lemma dual_fun_supergradient:
  assumes r_pos: "\<And>t l. t \<in> {1..T} \<Longrightarrow> l \<in> {1..L} \<Longrightarrow> 0 < r t l"
    and b_mono: "\<And>t l. t \<in> {1..T} \<Longrightarrow> l \<in> {1..L} \<Longrightarrow> strict_mono_on {0..1} (b t l)"
    and b_convex: "\<And>t l. t \<in> {1..T} \<Longrightarrow> l \<in> {1..L} \<Longrightarrow> convex_on {0..1} (b t l)"
    and b_nonneg: "\<And>t l y. t \<in> {1..T} \<Longrightarrow> l \<in> {1..L} \<Longrightarrow> y \<in> {0..1} \<Longrightarrow> 0 \<le> b t l y"
    and box: "\<rho> \<in> box T L"
    and min: "\<And>\<rho>'. \<rho>' \<in> box T L \<Longrightarrow> lagr r b T L eps \<rho> lam \<le> lagr r b T L eps \<rho>' lam"
    and "0 < \<eta>"
  shows "\<forall>\<^sub>F \<mu> in nhds 0.
           dual_fun r b T L eps lam + \<mu> * (consH T L \<rho> - eps) - \<bar>\<mu>\<bar> * \<eta> \<le> dual_fun r b T L eps (lam + \<mu>)"
proof -
  let ?S = "{1..T} \<times> {1..L}"
  \<comment> \<open>\<open>Suc\<close> keeps \<open>\<eta>'\<close> positive even for an empty index set.\<close>
  define \<eta>' where "\<eta>' = \<eta> / real (Suc (card ?S))"
  have "0 < \<eta> / real (Suc n)" and "real n * (\<eta> / real (Suc n)) \<le> \<eta>" for n
    using \<open>0 < \<eta>\<close> by (simp_all add: field_simps)
  then have "0 < \<eta>'" and card_\<eta>': "real (card ?S) * \<eta>' \<le> \<eta>"
    unfolding \<eta>'_def by blast+
  have "\<forall>\<^sub>F \<mu> in nhds 0. \<forall>y\<in>{0..1}.
          lagr_term r b lam t l (\<rho> t l) - \<mu> * \<rho> t l - \<bar>\<mu>\<bar> * \<eta>' \<le> lagr_term r b lam t l y - \<mu> * y"
    if tl: "(t, l) \<in> ?S" for t l
  proof -
    have t: "t \<in> {1..T}" and l: "l \<in> {1..L}" and "\<rho> t l \<in> {0..1}"
      using tl box by (auto simp: box_def)
    show ?thesis
      by (rule lagr_term_tilt) (use r_pos b_mono b_convex b_nonneg t l \<open>\<rho> t l \<in> {0..1}\<close>
          lagr_min_imp_lagr_term_min[OF min box tl] \<open>0 < \<eta>'\<close> in auto)
  qed
  then have "\<forall>\<^sub>F \<mu> in nhds 0. \<forall>(t, l)\<in>?S. \<forall>y\<in>{0..1}.
      lagr_term r b lam t l (\<rho> t l) - \<mu> * \<rho> t l - \<bar>\<mu>\<bar> * \<eta>' \<le> lagr_term r b lam t l y - \<mu> * y"
    by (intro eventually_ball_finite) auto
  then show ?thesis
  proof (rule eventually_mono)
    fix \<mu> assume tilt: "\<forall>(t, l)\<in>?S. \<forall>y\<in>{0..1}.
      lagr_term r b lam t l (\<rho> t l) - \<mu> * \<rho> t l - \<bar>\<mu>\<bar> * \<eta>' \<le> lagr_term r b lam t l y - \<mu> * y"
    have "lagr r b T L eps \<rho> (lam + \<mu>) - \<bar>\<mu>\<bar> * \<eta> \<le> lagr r b T L eps \<rho>' (lam + \<mu>)"
      if "\<rho>' \<in> box T L" for \<rho>'
    proof -
      have "real (card ?S) * (\<bar>\<mu>\<bar> * \<eta>') \<le> \<bar>\<mu>\<bar> * \<eta>"
        using mult_left_mono[OF card_\<eta>', of "\<bar>\<mu>\<bar>"] by (simp add: ac_simps)
      moreover have "(\<Sum>(t, l)\<in>?S. lagr_term r b (lam + \<mu>) t l (\<rho> t l) - \<bar>\<mu>\<bar> * \<eta>')
          \<le> (\<Sum>(t, l)\<in>?S. lagr_term r b (lam + \<mu>) t l (\<rho>' t l))"
        using tilt that unfolding lagr_term_shift
        by (intro sum_mono) (force simp: box_def algebra_simps)
      ultimately show ?thesis
        unfolding lagr_eq_sum by (simp add: split_def sum_subtractf)
    qed
    then have "lagr r b T L eps \<rho> (lam + \<mu>) - \<bar>\<mu>\<bar> * \<eta> \<le> dual_fun r b T L eps (lam + \<mu>)"
      unfolding dual_fun_def using box by (intro cINF_greatest) auto
    then show "dual_fun r b T L eps lam + \<mu> * (consH T L \<rho> - eps) - \<bar>\<mu>\<bar> * \<eta> \<le> dual_fun r b T L eps (lam + \<mu>)"
      using dual_fun_eq_lagr[OF box min] by (simp add: lagr_shift)
  qed
qed

lemma dual_optimal_complementary_slackness:
  assumes r_pos: "\<And>t l. t \<in> {1..T} \<Longrightarrow> l \<in> {1..L} \<Longrightarrow> 0 < r t l"
    and b_mono: "\<And>t l. t \<in> {1..T} \<Longrightarrow> l \<in> {1..L} \<Longrightarrow> strict_mono_on {0..1} (b t l)"
    and b_convex: "\<And>t l. t \<in> {1..T} \<Longrightarrow> l \<in> {1..L} \<Longrightarrow> convex_on {0..1} (b t l)"
    and b_nonneg: "\<And>t l y. t \<in> {1..T} \<Longrightarrow> l \<in> {1..L} \<Longrightarrow> y \<in> {0..1} \<Longrightarrow> 0 \<le> b t l y"
    and opt: "dual_optimal r b T L eps lam \<rho>"
  shows "consH T L \<rho> \<le> eps \<and> lam * (consH T L \<rho> - eps) = 0"
proof -
  have "consH T L \<rho> - eps \<le> 0 \<and> lam * (consH T L \<rho> - eps) = 0"
  proof (rule nonneg_maximizer_first_order[where q = "dual_fun r b T L eps"])
    show "0 \<le> lam"
      using opt unfolding dual_optimal_def by simp
    show "dual_fun r b T L eps (lam + \<mu>) \<le> dual_fun r b T L eps lam" if "0 \<le> lam + \<mu>" for \<mu>
      using opt that unfolding dual_optimal_def by simp
    show "\<forall>\<^sub>F \<mu> in nhds 0. dual_fun r b T L eps lam + \<mu> * (consH T L \<rho> - eps) - \<bar>\<mu>\<bar> * \<eta>
            \<le> dual_fun r b T L eps (lam + \<mu>)" if "0 < \<eta>" for \<eta>
      using opt by (intro dual_fun_supergradient[OF r_pos b_mono b_convex b_nonneg _ _ that])
        (auto simp: dual_optimal_def)
  qed
  then show ?thesis
    by simp
qed

theorem theorem3:
  fixes T L :: nat and eps :: real
    and r :: "nat \<Rightarrow> nat \<Rightarrow> nat" and b :: "nat \<Rightarrow> nat \<Rightarrow> real \<Rightarrow> real"
    and bmax :: "nat \<Rightarrow> real"
    and \<rho>s \<rho>t :: "nat \<Rightarrow> nat \<Rightarrow> real" and lamt :: real
  assumes "T \<ge> 1" and "L \<ge> 1" and "0 < eps" and "eps < 1"
    and r_pos: "\<And>t l. t \<in> {1..T} \<Longrightarrow> l \<in> {1..L} \<Longrightarrow> r t l > 0"
    and b_mono: "\<And>t l. t \<in> {1..T} \<Longrightarrow> l \<in> {1..L} \<Longrightarrow> strict_mono_on {0..1} (b t l)"
    and b_convex: "\<And>t l. t \<in> {1..T} \<Longrightarrow> l \<in> {1..L} \<Longrightarrow> convex_on {0..1} (b t l)"
    and b_range: "\<And>t l. t \<in> {1..T} \<Longrightarrow> l \<in> {1..L} \<Longrightarrow> b t l ` {0..1} \<subseteq> {0..bmax l}"
    and opt1: "PA1_optimal r b T L eps \<rho>s"
    and optd: "dual_optimal r b T L eps lamt \<rho>t"
  shows "0 \<le> objF r b T L \<rho>t - objF r b T L \<rho>s \<and>
         objF r b T L \<rho>t - objF r b T L \<rho>s
           \<le> lamt * min ((real (T * L) - 1) * eps)
                        (real (T * L) * (real (T * L) - 1) / 2 * eps ^ 2)"
proof -
  from optd have "0 \<le> lamt" and "\<rho>t \<in> box T L"
    and lagr_min: "\<And>\<rho>. \<rho> \<in> box T L \<Longrightarrow> lagr r b T L eps \<rho>t lamt \<le> lagr r b T L eps \<rho> lamt"
    unfolding dual_optimal_def by auto
  from opt1 have "\<rho>s \<in> box T L" and "consG T L \<rho>s \<le> eps"
    and PA1_min: "\<And>\<rho>. \<rho> \<in> box T L \<Longrightarrow> consG T L \<rho> \<le> eps \<Longrightarrow> objF r b T L \<rho>s \<le> objF r b T L \<rho>"
    unfolding PA1_optimal_def by auto
  have b_nonneg: "0 \<le> b t l y" if "t \<in> {1..T}" "l \<in> {1..L}" "y \<in> {0..1}" for t l y
    using b_range[OF that(1,2)] that(3) by (auto simp: image_subset_iff)
  have slack: "consH T L \<rho>t \<le> eps \<and> lamt * (consH T L \<rho>t - eps) = 0"
    by (rule dual_optimal_complementary_slackness[OF r_pos b_mono b_convex b_nonneg optd])
  have "objF r b T L \<rho>s \<le> objF r b T L \<rho>t"
    using PA1_min[OF \<open>\<rho>t \<in> box T L\<close>] consG_le_consH[OF \<open>\<rho>t \<in> box T L\<close>] slack by linarith
  moreover have "objF r b T L \<rho>t - objF r b T L \<rho>s \<le> lamt * (consH T L \<rho>s - eps)"
    using lagr_min[OF \<open>\<rho>s \<in> box T L\<close>] slack unfolding lagr_def right_diff_distrib by linarith
  moreover have "lamt * (consH T L \<rho>s - eps)
      \<le> lamt * min ((real (T * L) - 1) * eps) (real (T * L) * (real (T * L) - 1) / 2 * eps\<^sup>2)"
    using consH_excess_le[OF \<open>\<rho>s \<in> box T L\<close> \<open>consG T L \<rho>s \<le> eps\<close>] \<open>eps < 1\<close> \<open>0 \<le> lamt\<close>
    by (intro mult_left_mono) auto
  ultimately show ?thesis
    by linarith
qed

end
--------
Return exactly the lines in the records above, beginning with the one that holds "L \<rho>s \<le> lamt" and ending with the last.

→ **Result of the task**
  moreover have "objF r b T L \<rho>t - objF r b T L \<rho>s \<le> lamt * (consH T L \<rho>s - eps)"
    using lagr_min[OF \<open>\<rho>s \<in> box T L\<close>] slack unfolding lagr_def right_diff_distrib by linarith
  moreover have "lamt * (consH T L \<rho>s - eps)
      \<le> lamt * min ((real (T * L) - 1) * eps) (real (T * L) * (real (T * L) - 1) / 2 * eps\<^sup>2)"
    using consH_excess_le[OF \<open>\<rho>s \<in> box T L\<close> \<open>consG T L \<rho>s \<le> eps\<close>] \<open>eps < 1\<close> \<open>0 \<le> lamt\<close>
    by (intro mult_left_mono) auto
  ultimately show ?thesis
    by linarith
qed

end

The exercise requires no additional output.